According to the BBC, Sanne Yde Schmidt, who heads the project at Greve, says: "If we're going to be a modern school and teach them things that are relevant for them in modern life, we have to teach them how to use the internet."

Minister for education in Denmark, Bertel Haarder, says: "Our exams have to reflect daily life in the classroom and daily life in the classroom has to reflect life in society. The internet is indispensible, including in the exam situation. I'm sure that is would be a matter of very few years when most European countries will be on the same line." He says he is proud of the fact Denmark is leading the way and believes other countries will adopt this system. 

The main issue with this groundbreaking examination method is cheating. Despite communication being "banned" there is actually no way a student can be stopped from cheating using this method; however severe the consequences of doing so. Ms. Schmidt says they rely on the integrity of the pupil and the threat of expulsion if they are caught. "The main precaution is that we trust them. I think the cheat rate is very low because the consequences of cheating are very big." 
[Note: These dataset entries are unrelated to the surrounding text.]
lemma energy_le_mat_inner_self:
  assumes P: "partition_on {..<m} P" and Q: "partition_on {..<n} Q"
  shows "energy m n P Q A \<le> mat_inner m n A A"
proof -
  define G where "G = block_avg P Q A"
  have AG: "mat_inner m n A G = mat_inner m n G G"
    unfolding G_def by (metis mat_inner_block_avg[OF P Q] block_constant_block_avg[OF P Q])
  have "0 \<le> mat_inner m n (\<lambda>i k. A i k - G i k) (\<lambda>i k. A i k - G i k)"
    by (rule mat_inner_self_nonneg)
  also have "\<dots> = mat_inner m n A A - mat_inner m n G G"
    unfolding mat_inner_diff_left mat_inner_diff_right using AG mat_inner_commute[of m n G A]
    by simp
  finally show ?thesis
    unfolding energy_def G_def by simp
qed

lemma abs_le_max_norm:
  assumes "i < m" "k < n"
  shows "\<bar>A i k\<bar> \<le> max_norm m n A"
proof -
  have "{\<bar>A i k\<bar> | i k. i < m \<and> k < n} \<subseteq> (\<lambda>(i, k). \<bar>A i k\<bar>) ` ({..<m} \<times> {..<n})"
    by force
  then have "finite ({\<bar>A i k\<bar> | i k. i < m \<and> k < n} \<union> {0})"
    by (simp add: finite_subset)
  then show ?thesis
    unfolding max_norm_def using assms by (intro Max_ge) auto
qed

lemma mat_inner_self_le_size:
  assumes "max_norm m n A \<le> 1"
  shows "mat_inner m n A A \<le> real m * real n"
proof -
  have "mat_inner m n A A \<le> (\<Sum>i<m. \<Sum>k<n. 1)"
    unfolding mat_inner_def
  proof (intro sum_mono)
    fix i k assume "i \<in> {..<m}" "k \<in> {..<n}"
    then have "\<bar>A i k\<bar> \<le> 1"
      using abs_le_max_norm[of i m k n A] assms by simp
    then have "\<bar>A i k\<bar> * \<bar>A i k\<bar> \<le> 1"
      by (intro mult_le_one) auto
    then show "A i k * A i k \<le> 1"
      by simp
  qed
  then show ?thesis
    by simp
qed

lemma energy_increment:
  assumes P: "partition_on {..<m} P" and Q: "partition_on {..<n} Q"
    and P': "partition_on {..<m} P'" and Q': "partition_on {..<n} Q'"
    and refined: "refines P' P" "refines Q' Q"
    and F: "block_constant P' Q' F" and F_norm: "mat_inner m n F F = real m * real n"
    and correlated: "\<epsilon> * (real m * real n) < mat_inner m n (\<lambda>i k. A i k - block_avg P Q A i k) F"
    and "\<epsilon> > 0"
  shows "energy m n P Q A + \<epsilon>\<^sup>2 * (real m * real n) \<le> energy m n P' Q' A"
proof -
  define G where "G = block_avg P Q A"
  define G' where "G' = block_avg P' Q' A"
  have G_fine: "block_constant P' Q' G"
    unfolding G_def by (rule block_constant_refines[OF block_constant_block_avg[OF P Q] refined])
  have G'G: "mat_inner m n G' G = mat_inner m n G G"
    unfolding G'_def using mat_inner_block_avg[OF P' Q' G_fine] G_def
      mat_inner_block_avg[OF P Q block_constant_block_avg[OF P Q]] by simp
  have G'F: "mat_inner m n G' F = mat_inner m n A F"
    unfolding G'_def by (rule mat_inner_block_avg[OF P' Q' F])
  have "0 \<le> mat_inner m n (\<lambda>i k. G' i k - G i k - \<epsilon> * F i k) (\<lambda>i k. G' i k - G i k - \<epsilon> * F i k)"
    by (rule mat_inner_self_nonneg)
  also have "\<dots> = mat_inner m n G' G' - mat_inner m n G G + \<epsilon>\<^sup>2 * mat_inner m n F F
      - 2 * \<epsilon> * (mat_inner m n A F - mat_inner m n G F)"
    unfolding mat_inner_diff_left mat_inner_diff_right mat_inner_scale_left mat_inner_scale_right
    using G'G G'F mat_inner_commute[of m n G G'] mat_inner_commute[of m n F G']
      mat_inner_commute[of m n F G]
    by (simp add: power2_eq_square algebra_simps)
  finally have "0 \<le> energy m n P' Q' A - energy m n P Q A + \<epsilon>\<^sup>2 * (real m * real n)
      - 2 * \<epsilon> * (mat_inner m n A F - mat_inner m n G F)"
    unfolding energy_def G_def G'_def F_norm .
  moreover have "\<epsilon> * (\<epsilon> * (real m * real n)) \<le> \<epsilon> * (mat_inner m n A F - mat_inner m n G F)"
    using correlated \<open>\<epsilon> > 0\<close> unfolding G_def mat_inner_diff_left by simp
  ultimately show ?thesis
    by (simp add: power2_eq_square algebra_simps)
qed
According to the students at the school, cheating is too hard with the new types of exams. Instead of simply regurgitating facts, they are now required to sift through, and analyse an amount of information.


----------



## harryneopotter (Nov 6, 2009)

thats really strange !!!! but good for students though


----------



## techteen (Nov 6, 2009)

Lucky them.
But remember they might not be learning too.


----------



## krishnandu.sarkar (Nov 6, 2009)

India mein kab hoga.....


----------



## Anorion (Nov 6, 2009)

they are being realistic. I mean even in a work situation, being without the internet is somewhat unthinkable. how well the questions are framed, and how the answers are evaluated is what matters. would like to see the question paper


----------



## amol48 (Nov 9, 2009)

It doesn't surprise me at all. In India most of the examinations are based on mugging up and vomiting out and all such comes with a validity! I barely know a student who remembers what he learnt 5 years ago. What matters is what 'actually' is useful to you in real life and not school/college life!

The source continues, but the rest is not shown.